(Activity): Given the material below, output exactly the lines from the line with "unfolding above_def mono_mult_unitv_right[OF" to the line with "using \<gamma>l by (auto simp: below_def)", both ends included, and no other lines.

(Supplied records):
(* Let $(\mathbb P_\alpha)$ be a tight family of measures in $\mathfrak M_{fin}(\mathfrak M_{fin}((0,+\infty)))$, each supported on the set $\mathfrak s\Omega_P$. Then the family $(\mathfrak p\mathbb P_\alpha)$ of measures on $\Omega_P$ is also tight.
   Context: For a metric space $X$, $\mathfrak M_{fin}(X)$ denotes the space of finite Borel measures on $X$ with the weak topology (convergence of integrals of bounded continuous functions). The Pickrell set is $$\Omega_P=\Big\{\omega=(\gamma,x):\ \gamma\in\mathbb R,\ x=(x_1,x_2,\dots),\ x_1\ge x_2\ge\dots\ge0,\ \sum_{i}x_i\le\gamma\Big\},$$ with the topology induced from the product topology on $\mathbb R\times\mathbb R^{\mathbb N}$; write $\gamma(\omega)=\gamma$, $x_i(\omega)=x_i$. Let $\Omega_P^0=\{\omega\in\Omega_P:\gamma(\omega)=\sum_i x_i(\omega)\}$. Define $\mathfrak s:\Omega_P\to\mathfrak M_{fin}((0,+\infty))$ by $\mathfrak s(\omega)=\sum_{i:\,x_i(\omega)>0}\min(x_i(\omega),1)\,\delta_{x_i(\omega)}$. The map $\mathfrak s$ is injective on $\Omega_P^0$ and $\mathfrak s(\Omega_P^0)=\mathfrak s\Omega_P$. For a finite Borel measure $\mathbb P$ on $\mathfrak M_{fin}((0,+\infty))$ supported on $\mathfrak s\Omega_P$ (i.e. giving zero mass to its complement), $\mathfrak p\mathbb P$ denotes the unique Borel measure on $\Omega_P$ with $\mathfrak s_*\mathfrak p\mathbb P=\mathbb P$ and $\mathfrak p\mathbb P(\Omega_P\setminus\Omega_P^0)=0$. *)

theory Defs
  imports "HOL-Probability.Probability"
begin

definition borel_of :: "'a topology \<Rightarrow> 'a measure" where
  "borel_of T = sigma (topspace T) {U. openin T U}"

definition pos_borel :: "real measure" where
  "pos_borel = restrict_space borel {0<..}"

definition Mfin_pos :: "real measure set" where
  "Mfin_pos = {M. sets M = sets pos_borel \<and> finite_measure M}"

definition weak_top :: "real measure topology" where
  "weak_top = subtopology
     (topology_generated_by
        {{M \<in> Mfin_pos. (\<integral>x. f x \<partial>M) \<in> U} | f U.
           continuous_on {0<..} f \<and> bounded (f ` {0<..}) \<and> open (U :: real set)})
     Mfin_pos"

definition Omega_P :: "(real \<times> (nat \<Rightarrow> real)) set" where
  "Omega_P = {(\<gamma>, x). (\<forall>i. x i \<ge> x (Suc i)) \<and> (\<forall>i. x i \<ge> 0) \<and>
                       summable x \<and> (\<Sum>i. x i) \<le> \<gamma>}"

definition Omega_P0 :: "(real \<times> (nat \<Rightarrow> real)) set" where
  "Omega_P0 = {\<omega> \<in> Omega_P. fst \<omega> = (\<Sum>i. snd \<omega> i)}"

definition frak_s :: "real \<times> (nat \<Rightarrow> real) \<Rightarrow> real measure" where
  "frak_s \<omega> = measure_of (space pos_borel) (sets pos_borel)
     (\<lambda>A. \<Sum>i. (if snd \<omega> i > 0 then ennreal (min (snd \<omega> i) 1) else 0)
                * indicator A (snd \<omega> i))"

definition tight_family :: "'a topology \<Rightarrow> 'i set \<Rightarrow> ('i \<Rightarrow> 'a measure) \<Rightarrow> bool" where
  "tight_family T I P \<longleftrightarrow>
     (\<forall>\<epsilon>>0. \<exists>K. compactin T K \<and>
        (\<forall>\<alpha>\<in>I. topspace T - K \<in> sets (P \<alpha>) \<and> emeasure (P \<alpha>) (topspace T - K) < ennreal \<epsilon>))"

end

theory Submission
  imports Defs
begin

text \<open>Integrating a bounded continuous \<open>f\<close> against \<open>frak_s \<omega>\<close> gives the series
  \<open>\<Sum>i. min x\<^sub>i 1 * f x\<^sub>i\<close>; on \<open>Omega_P0\<close> its tail after \<open>N\<close> terms is bounded by a multiple
  of \<open>\<gamma> - (\<Sum>i<N. x\<^sub>i)\<close>, which is continuous in \<open>\<omega>\<close>, so \<open>frak_s\<close> is continuous on \<open>Omega_P0\<close>
  and, composed with the Borel retraction \<open>\<omega> \<mapsto> (\<Sum>i. x\<^sub>i, x)\<close>, Borel on \<open>Omega_P\<close>.
  A weakly compact set \<open>K\<close> of measures is covered by finitely many weakly open sets
  "mass \<open>< n\<close> and mass beyond \<open>n\<close> small", which forces \<open>\<gamma> \<le> (n + 1) n\<close> on
  \<open>Omega_P0 \<inter> frak_s -` K\<close>, while the sublevel sets \<open>{\<gamma> \<le> C}\<close> of \<open>Omega_P\<close> are compact.
  As each \<open>Q \<alpha>\<close> lives on \<open>Omega_P0\<close>, its mass outside \<open>{\<gamma> \<le> C}\<close> is at most the
  mass of \<open>P \<alpha>\<close> outside \<open>K\<close>.\<close>

definition s_weight :: "real \<times> (nat \<Rightarrow> real) \<Rightarrow> nat \<Rightarrow> real" where
  "s_weight \<omega> i = (if snd \<omega> i > 0 then min (snd \<omega> i) 1 else 0)"

text \<open>A vanishing coordinate gets weight 0; its atom is moved to the arbitrary point 1
  only to stay inside \<open>(0,+\<infinity>)\<close>.\<close>
definition s_atom :: "real \<times> (nat \<Rightarrow> real) \<Rightarrow> nat \<Rightarrow> real" where
  "s_atom \<omega> i = (if snd \<omega> i > 0 then snd \<omega> i else 1)"

definition damp :: "(real \<Rightarrow> real) \<Rightarrow> real \<Rightarrow> real" where
  "damp f t = (if t > 0 then min t 1 * f t else 0)"

lemma s_weight_nonneg: "s_weight \<omega> i \<ge> 0"
  by (simp add: s_weight_def)

lemma space_pos_borel [simp]: "space pos_borel = {0<..}"
  by (simp add: pos_borel_def)

lemma s_atom_measurable:
  "s_atom \<omega> \<in> measurable (density (count_space UNIV) (\<lambda>i. ennreal (s_weight \<omega> i))) pos_borel"
  by (auto simp: s_atom_def)

lemma emeasure_s_distr:
  assumes "A \<in> sets pos_borel"
  shows "emeasure (distr (density (count_space UNIV) (\<lambda>i. ennreal (s_weight \<omega> i))) pos_borel (s_atom \<omega>)) A
    = (\<Sum>i. ennreal (s_weight \<omega> i) * indicator A (s_atom \<omega> i))"
proof -
  have "emeasure (distr (density (count_space UNIV) (\<lambda>i. ennreal (s_weight \<omega> i))) pos_borel (s_atom \<omega>)) A
      = (\<integral>\<^sup>+ i. ennreal (s_weight \<omega> i) * indicator (s_atom \<omega> -` A) i \<partial>count_space UNIV)"
    using assms s_atom_measurable by (simp add: emeasure_distr emeasure_density)
  also have "\<dots> = (\<Sum>i. ennreal (s_weight \<omega> i) * indicator A (s_atom \<omega> i))"
    by (subst nn_integral_count_space_nat) (simp add: indicator_def)
  finally show ?thesis .
qed

lemma frak_s_eq_distr:
  "frak_s \<omega> = distr (density (count_space UNIV) (\<lambda>i. ennreal (s_weight \<omega> i))) pos_borel (s_atom \<omega>)"
    (is "_ = ?N")
proof -
  have "frak_s \<omega> = measure_of (space pos_borel) (sets pos_borel) (emeasure ?N)"
    unfolding frak_s_def
  proof (rule measure_of_eq[OF sets.space_closed])
    fix A assume "A \<in> sigma_sets (space pos_borel) (sets pos_borel)"
    then have A: "A \<in> sets pos_borel" by (metis sets.sigma_sets_eq)
    show "(\<Sum>i. (if snd \<omega> i > 0 then ennreal (min (snd \<omega> i) 1) else 0) * indicator A (snd \<omega> i))
        = emeasure ?N A"
      unfolding emeasure_s_distr[OF A] by (intro suminf_cong) (simp add: s_weight_def s_atom_def)
  qed
  also have "\<dots> = ?N"
    using measure_of_of_measure[of ?N] by simp
  finally show ?thesis .
qed

lemma Omega_P0_subset: "Omega_P0 \<subseteq> Omega_P"
  by (auto simp: Omega_P0_def)

lemma summable_s_weight:
  assumes "\<omega> \<in> Omega_P"
  shows "summable (s_weight \<omega>)"
proof (rule summable_comparison_test')
  show "summable (snd \<omega>)" using assms by (auto simp: Omega_P_def)
  have "snd \<omega> i \<ge> 0" for i using assms by (auto simp: Omega_P_def)
  then show "norm (s_weight \<omega> i) \<le> snd \<omega> i" for i
    by (simp add: s_weight_def)
qed

lemma frak_s_in_Mfin_pos:
  assumes "\<omega> \<in> Omega_P"
  shows "frak_s \<omega> \<in> Mfin_pos"
proof -
  have "emeasure (frak_s \<omega>) (space (frak_s \<omega>)) = (\<Sum>i. ennreal (s_weight \<omega> i))"
    unfolding frak_s_eq_distr space_distr using emeasure_s_distr[OF sets.top, of \<omega>]
    by (simp add: s_atom_def)
  also have "\<dots> = ennreal (\<Sum>i. s_weight \<omega> i)"
    using summable_s_weight[OF assms] by (intro suminf_ennreal2 s_weight_nonneg)
  finally have "finite_measure (frak_s \<omega>)"
    by (intro finite_measureI) simp
  then show ?thesis
    by (simp add: Mfin_pos_def frak_s_eq_distr)
qed

lemma damp_bound:
  assumes "\<And>t. t > 0 \<Longrightarrow> \<bar>f t\<bar> \<le> B" and "t \<ge> 0"
  shows "\<bar>damp f t\<bar> \<le> \<bar>B\<bar> * t"
proof (cases "t > 0")
  case True
  then have "\<bar>damp f t\<bar> \<le> t * \<bar>B\<bar>"
    using assms(1)[OF True] by (auto simp: damp_def abs_mult intro!: mult_mono)
  then show ?thesis by (simp add: mult.commute)
qed (use assms in \<open>simp add: damp_def\<close>)

lemma
  assumes \<omega>: "\<omega> \<in> Omega_P" and f: "f \<in> borel_measurable pos_borel"
    and bound: "\<And>t. t > 0 \<Longrightarrow> \<bar>f t\<bar> \<le> B"
  shows summable_damp: "summable (\<lambda>i. damp f (snd \<omega> i))"
    and integral_frak_s: "(\<integral>t. f t \<partial>frak_s \<omega>) = (\<Sum>i. damp f (snd \<omega> i))"
proof -
  have damp_eq: "s_weight \<omega> i * f (s_atom \<omega> i) = damp f (snd \<omega> i)" for i
    by (simp add: s_weight_def s_atom_def damp_def)
  have "summable (\<lambda>i. \<bar>B\<bar> * snd \<omega> i)"
    using \<omega> by (intro summable_mult) (auto simp: Omega_P_def)
  then have abs_summable: "summable (\<lambda>i. norm (damp f (snd \<omega> i)))"
    by (rule summable_comparison_test')
       (use \<omega> damp_bound[OF bound] in \<open>auto simp: Omega_P_def\<close>)
  then show "summable (\<lambda>i. damp f (snd \<omega> i))"
    by (rule summable_norm_cancel)
  have "(\<integral>t. f t \<partial>frak_s \<omega>)
      = (\<integral>i. f (s_atom \<omega> i) \<partial>density (count_space UNIV) (\<lambda>i. ennreal (s_weight \<omega> i)))"
    unfolding frak_s_eq_distr by (rule integral_distr[OF s_atom_measurable f])
  also have "\<dots> = (\<integral>i. s_weight \<omega> i * f (s_atom \<omega> i) \<partial>count_space UNIV)"
    by (subst integral_density) (auto simp: s_weight_nonneg)
  also have "\<dots> = (\<Sum>i. damp f (snd \<omega> i))"
    using abs_summable
    by (subst integral_count_space_nat) (auto simp: integrable_count_space_nat_iff damp_eq)
  finally show "(\<integral>t. f t \<partial>frak_s \<omega>) = (\<Sum>i. damp f (snd \<omega> i))" .
qed

lemma continuous_on_damp:
  assumes f: "continuous_on {0<..} f" and bound: "\<And>t. t > 0 \<Longrightarrow> \<bar>f t\<bar> \<le> B"
  shows "continuous_on {0..} (damp f)"
  unfolding continuous_on_eq_continuous_within
proof
  fix t :: real assume "t \<in> {0..}"
  then consider "t > 0" | "t = 0" by fastforce
  then show "continuous (at t within {0..}) (damp f)"
  proof cases
    case 1
    have "continuous_on {0<..} (\<lambda>s. min s 1 * f s)"
      by (intro continuous_intros f)
    then have "isCont (\<lambda>s. min s 1 * f s) t"
      using 1 by (simp add: continuous_on_eq_continuous_at)
    moreover have "eventually (\<lambda>s. damp f s = min s 1 * f s) (nhds t)"
      using 1 by (intro eventually_nhds_in_open[of "{0<..}", THEN eventually_mono]) (auto simp: damp_def)
    ultimately have "isCont (damp f) t"
      using isCont_cong[of "damp f" "\<lambda>s. min s 1 * f s" t] by simp
    then show ?thesis
      by (rule continuous_at_imp_continuous_at_within)
  next
    case 2
    have "(damp f \<longlongrightarrow> 0) (at 0 within {0..})"
    proof (rule Lim_null_comparison)
      show "eventually (\<lambda>s. norm (damp f s) \<le> \<bar>B\<bar> * s) (at 0 within {0..})"
        by (auto simp: eventually_at_filter intro!: always_eventually damp_bound[OF bound])
      show "((\<lambda>s. \<bar>B\<bar> * s) \<longlongrightarrow> 0) (at 0 within {0..})"
        by (intro tendsto_eq_intros) auto
    qed
    then show ?thesis using 2 by (simp add: continuous_within damp_def)
  qed
qed
lemma splitting_fps_identity:
  assumes "k \<ge> 2" "C 0 = mat2 m1 0 0 m2" "m1 \<noteq> m2"
  defines "G \<equiv> \<lambda>n. fst (splitting_coeffs k C n)" and "L \<equiv> \<lambda>n. snd (splitting_coeffs k C n)"
  shows "fps_X ^ k * fps_deriv (fps_mat G $ a $ b) + (fps_mat C ** fps_mat G) $ a $ b
           = (fps_mat G ** fps_mat L) $ a $ b"
proof (rule fps_ext)
  fix n
  have "(\<Sum>i\<le>n. G (n - i) ** L i) = (\<Sum>i\<le>n. G i ** L (n - i))"
    by (rule sum.reindex_bij_witness[where i="\<lambda>i. n - i" and j="\<lambda>i. n - i"]) auto
  then have rec: "(\<Sum>i\<le>n. C i ** G (n - i))
      + (if k \<le> n then (\<chi> a b. of_nat (n + 1 - k) * G (n + 1 - k) $ a $ b) else 0)
      = (\<Sum>i\<le>n. G i ** L (n - i))"
    using splitting_coeffs_recurrence[where C = C and n = n, OF assms(1-3)] unfolding G_def L_def by simp
  have "fps_nth (fps_X ^ k * fps_deriv (fps_mat G $ a $ b)) n
      = (if k \<le> n then of_nat (n + 1 - k) * G (n + 1 - k) $ a $ b else 0)"
    by (auto simp: fps_X_power_mult_nth Suc_diff_le)
  with arg_cong[OF rec, of "\<lambda>X. X $ a $ b"]
  show "fps_nth (fps_X ^ k * fps_deriv (fps_mat G $ a $ b) + (fps_mat C ** fps_mat G) $ a $ b) n
      = fps_nth ((fps_mat G ** fps_mat L) $ a $ b) n"
    by (simp add: fps_nth_fps_mat_mult add.commute split: if_splits)
qed
lemma hdiff_term_coeff:
  fixes q :: "nat \<Rightarrow> nat \<Rightarrow> 'k::field"
  assumes j: "j \<in> {1..n}" and \<alpha>j: "\<alpha> j = 1" and \<beta>j: "\<beta> j \<noteq> 0"
    and bits: "\<alpha>(j := 0) \<in> bitvecs n"
    and weight: "\<forall>l\<in>{1..n}. int ((\<beta>(j := \<beta> j - 1)) l) - int ((\<alpha>(j := 0)) l) = \<gamma> l"
    and q_nz: "\<forall>i\<in>{1..n}. \<forall>j\<in>{1..n}. q i j \<noteq> 0"
    and q_inv: "\<forall>i\<in>{1..n}. \<forall>j\<in>{1..n}. q j i = inverse (q i j)"
  shows "coef1 q n \<beta> j * mono_mult q n (unitv j) (\<alpha>(j := 0))
       + coef2 q n \<beta> j * ch j * mono_mult q n (\<alpha>(j := 0)) (unitv j)
       = sign_before n \<alpha> j * koszul_coeff q n ch \<gamma> j"
proof -
  define below where "below = {l\<in>{1..n}. l < j}"
  define above where "above = {l\<in>{1..n}. j < l}"
  have \<gamma>l: "\<gamma> l = int (\<beta> l) - int (\<alpha> l)" and \<alpha>l: "\<alpha> l \<le> 1" if "l \<in> {1..n}" "l \<noteq> j" for l
  proof -
    have "int ((\<beta>(j := \<beta> j - 1)) l) - int ((\<alpha>(j := 0)) l) = \<gamma> l" using weight that(1) by blast
    then show "\<gamma> l = int (\<beta> l) - int (\<alpha> l)" using that(2) by simp
    have "(\<alpha>(j := 0)) l \<le> 1" using bits unfolding bitvecs_def by blast
    then show "\<alpha> l \<le> 1" using that(2) by simp
  qed
  have \<gamma>j: "\<gamma> j = int (\<beta> j) - 1"
  proof -
    have "int ((\<beta>(j := \<beta> j - 1)) j) - int ((\<alpha>(j := 0)) j) = \<gamma> j" using weight j by blast
    then show ?thesis using \<beta>j by (simp add: of_nat_diff)
  qed
  have mono_left: "mono_mult q n (unitv j) (\<alpha>(j := 0)) = (\<Prod>l\<in>below. if \<alpha> l = 1 then - q j l else 1)"
    unfolding below_def mono_mult_unitv_left[OF j fun_upd_same] by (rule prod.cong) auto
  have mono_right: "mono_mult q n (\<alpha>(j := 0)) (unitv j) = (\<Prod>l\<in>above. if \<alpha> l = 1 then - q l j else 1)"
    unfolding above_def mono_mult_unitv_right[OF j fun_upd_same] by (rule prod.cong) auto
  have left: "coef1 q n \<beta> j * mono_mult q n (unitv j) (\<alpha>(j := 0))
      = sign_before n \<alpha> j * (\<Prod>l\<in>below. q l j powi \<gamma> l)"
  proof -
    have "coef1 q n \<beta> j * mono_mult q n (unitv j) (\<alpha>(j := 0))
        = (\<Prod>l\<in>below. q l j ^ \<beta> l * (if \<alpha> l = 1 then - q j l else 1))"
      unfolding mono_left coef1_def below_def[symmetric] prod.distrib ..
    also have "\<dots> = (\<Prod>l\<in>below. (-1) ^ \<alpha> l * q l j powi \<gamma> l)"
    proof (rule prod.cong[OF refl])
      fix l assume "l \<in> below"
      then have l: "l \<in> {1..n}" "l \<noteq> j" by (auto simp: below_def)
      have "q l j \<noteq> 0" using q_nz l(1) j by blast
      moreover have "q j l = inverse (q l j)" using q_inv l(1) j by blast
      then have "- q j l = -1 * inverse (q l j)" by simp
      ultimately show "q l j ^ \<beta> l * (if \<alpha> l = 1 then - q j l else 1) = (-1) ^ \<alpha> l * q l j powi \<gamma> l"
        unfolding \<gamma>l[OF l] by (rule power_mult_if_inverse[OF _ _ \<alpha>l[OF l]])
    qed
    also have "\<dots> = sign_before n \<alpha> j * (\<Prod>l\<in>below. q l j powi \<gamma> l)"
      by (simp only: prod.distrib sign_before_def below_def)
    finally show ?thesis .
  qed
  have sign: "(-1::'k) ^ (\<Sum>l\<in>{l\<in>{1..n}. l \<le> j}. \<beta> l)
      = (-1) powi (\<gamma> j + 1) * (sign_before n \<alpha> j * (\<Prod>l\<in>below. (-1) powi \<gamma> l))"
  proof -
    have upto_j: "{l\<in>{1..n}. l \<le> j} = insert j below" using j by (auto simp: below_def)
    have "(-1::'k) ^ (\<Sum>l\<in>{l\<in>{1..n}. l \<le> j}. \<beta> l) = (-1) ^ \<beta> j * (\<Prod>l\<in>below. (-1) ^ \<beta> l)"
      unfolding power_sum upto_j by (simp add: below_def)
    also have "(-1::'k) ^ \<beta> j = (-1) powi (\<gamma> j + 1)" using \<gamma>j by (simp flip: power_int_of_nat)
    also have "(\<Prod>l\<in>below. (-1::'k) ^ \<beta> l) = (\<Prod>l\<in>below. (-1) ^ \<alpha> l * (-1) powi \<gamma> l)"
    proof (rule prod.cong[OF refl])
      fix l assume "l \<in> below"
      then have "\<gamma> l = int (\<beta> l) - int (\<alpha> l)" using \<gamma>l by (auto simp: below_def)
      then show "(-1::'k) ^ \<beta> l = (-1) ^ \<alpha> l * (-1) powi \<gamma> l" by (simp add: power_int_diff)
    qed
    also have "\<dots> = sign_before n \<alpha> j * (\<Prod>l\<in>below. (-1) powi \<gamma> l)"
      unfolding prod.distrib sign_before_def below_def ..
    finally show ?thesis .
  qed
  have right: "(\<Prod>l\<in>above. (- q j l) ^ \<beta> l) * mono_mult q n (\<alpha>(j := 0)) (unitv j)
      = (\<Prod>l\<in>above. (- q j l) powi \<gamma> l)"
    unfolding mono_right prod.distrib[symmetric]
  proof (rule prod.cong[OF refl])
    fix l assume "l \<in> above"
    then have l: "l \<in> {1..n}" "l \<noteq> j" by (auto simp: above_def)
    have "- q j l \<noteq> 0" using q_nz l(1) j by simp
    moreover have "q l j = inverse (q j l)" using q_inv l(1) j by blast
    then have "- q l j = 1 * inverse (- q j l)" by (simp add: inverse_minus_eq)
    ultimately have "(- q j l) ^ \<beta> l * (if \<alpha> l = 1 then - q l j else 1) = 1 ^ \<alpha> l * (- q j l) powi \<gamma> l"
      unfolding \<gamma>l[OF l] by (rule power_mult_if_inverse[OF _ _ \<alpha>l[OF l]])
    then show "(- q j l) ^ \<beta> l * (if \<alpha> l = 1 then - q l j else 1) = (- q j l) powi \<gamma> l"
      by (simp only: power_one mult_1)
  qed
  have "coef2 q n \<beta> j = (-1::'k) ^ (\<Sum>l\<in>{l\<in>{1..n}. l \<le> j}. \<beta> l) * (\<Prod>l\<in>above. (- q j l) ^ \<beta> l)"
    unfolding coef2_def above_def ..
  then show ?thesis
    unfolding left sign koszul_coeff_def below_def[symmetric] above_def[symmetric]
    using right by (simp add: algebra_simps)
qed
lemma rsquarefree_X_pow_minus_one:
  assumes "p \<ge> 1"
  shows "rsquarefree ([:0, 1:] ^ p - 1 :: 'a :: field_char_0 poly)"
  unfolding rsquarefree_roots
proof (intro allI notI)
  fix z :: 'a
  assume roots: "poly ([:0, 1:] ^ p - 1) z = 0 \<and> poly (pderiv ([:0, 1:] ^ p - 1)) z = 0"
  hence "z ^ p = 1" by (simp add: poly_power)
  moreover have "of_nat p * z ^ (p - 1) = 0"
    using roots by (simp add: pderiv_diff pderiv_power pderiv_pCons poly_power)
  hence "z = 0" using assms by simp
  ultimately show False using assms by (simp add: power_0_left)
qed

lemma proots_X_pow_minus_one:
  assumes "p \<ge> 1"
  shows "proots ([:0, 1:] ^ p - 1 :: 'a :: field_char_0 poly) = mset_set {z. z ^ p = 1}"
  using proots_rsquarefree[OF rsquarefree_X_pow_minus_one[OF assms]] by (simp add: poly_power)

lemma X_pow_minus_one_nonzero:
  assumes "p \<ge> 1"
  shows "([:0, 1:] ^ p - 1 :: 'a :: field_char_0 poly) \<noteq> 0"
  using rsquarefree_X_pow_minus_one[OF assms] unfolding rsquarefree_def by (rule conjunct1)

lemma E_D_eq_sum_roots_unity:
  assumes "2 \<le> p" "2 \<le> q" "p + q \<le> n"
  shows "E_D n p q = (\<Sum>z | z ^ p = 1. \<bar>Re z\<bar>) + (\<Sum>z | z ^ q = 1. \<bar>Re z\<bar>)"
proof -
  have nz: "([:0, 1:] ^ p - 1 :: complex poly) \<noteq> 0" "([:0, 1:] ^ q - 1 :: complex poly) \<noteq> 0"
    using assms by (intro X_pow_minus_one_nonzero; simp)+
  have "proots (char_poly (two_cycle_mat n p q)) =
      proots ([:0, 1:] ^ p - 1) + (proots ([:0, 1:] ^ q - 1) + proots ([:0, 1:] ^ (n - p - q)))"
    unfolding char_poly_two_cycle_mat[OF assms] using nz by (simp add: proots_mult)
  also have "\<dots> = mset_set {z. z ^ p = 1} + (mset_set {z. z ^ q = 1} + repeat_mset (n - p - q) {#0#})"
    using assms proots_linear_factor[of 0] by (simp add: proots_X_pow_minus_one proots_power)
  finally show ?thesis
    by (simp add: E_D_def mat_energy_def sum_unfold_sum_mset)
qed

(Output of the exercise):
    unfolding above_def mono_mult_unitv_right[OF j fun_upd_same] by (rule prod.cong) auto
  have left: "coef1 q n \<beta> j * mono_mult q n (unitv j) (\<alpha>(j := 0))
      = sign_before n \<alpha> j * (\<Prod>l\<in>below. q l j powi \<gamma> l)"
  proof -
    have "coef1 q n \<beta> j * mono_mult q n (unitv j) (\<alpha>(j := 0))
        = (\<Prod>l\<in>below. q l j ^ \<beta> l * (if \<alpha> l = 1 then - q j l else 1))"
      unfolding mono_left coef1_def below_def[symmetric] prod.distrib ..
    also have "\<dots> = (\<Prod>l\<in>below. (-1) ^ \<alpha> l * q l j powi \<gamma> l)"
    proof (rule prod.cong[OF refl])
      fix l assume "l \<in> below"
      then have l: "l \<in> {1..n}" "l \<noteq> j" by (auto simp: below_def)
      have "q l j \<noteq> 0" using q_nz l(1) j by blast
      moreover have "q j l = inverse (q l j)" using q_inv l(1) j by blast
      then have "- q j l = -1 * inverse (q l j)" by simp
      ultimately show "q l j ^ \<beta> l * (if \<alpha> l = 1 then - q j l else 1) = (-1) ^ \<alpha> l * q l j powi \<gamma> l"
        unfolding \<gamma>l[OF l] by (rule power_mult_if_inverse[OF _ _ \<alpha>l[OF l]])
    qed
    also have "\<dots> = sign_before n \<alpha> j * (\<Prod>l\<in>below. q l j powi \<gamma> l)"
      by (simp only: prod.distrib sign_before_def below_def)
    finally show ?thesis .
  qed
  have sign: "(-1::'k) ^ (\<Sum>l\<in>{l\<in>{1..n}. l \<le> j}. \<beta> l)
      = (-1) powi (\<gamma> j + 1) * (sign_before n \<alpha> j * (\<Prod>l\<in>below. (-1) powi \<gamma> l))"
  proof -
    have upto_j: "{l\<in>{1..n}. l \<le> j} = insert j below" using j by (auto simp: below_def)
    have "(-1::'k) ^ (\<Sum>l\<in>{l\<in>{1..n}. l \<le> j}. \<beta> l) = (-1) ^ \<beta> j * (\<Prod>l\<in>below. (-1) ^ \<beta> l)"
      unfolding power_sum upto_j by (simp add: below_def)
    also have "(-1::'k) ^ \<beta> j = (-1) powi (\<gamma> j + 1)" using \<gamma>j by (simp flip: power_int_of_nat)
    also have "(\<Prod>l\<in>below. (-1::'k) ^ \<beta> l) = (\<Prod>l\<in>below. (-1) ^ \<alpha> l * (-1) powi \<gamma> l)"
    proof (rule prod.cong[OF refl])
      fix l assume "l \<in> below"
      then have "\<gamma> l = int (\<beta> l) - int (\<alpha> l)" using \<gamma>l by (auto simp: below_def)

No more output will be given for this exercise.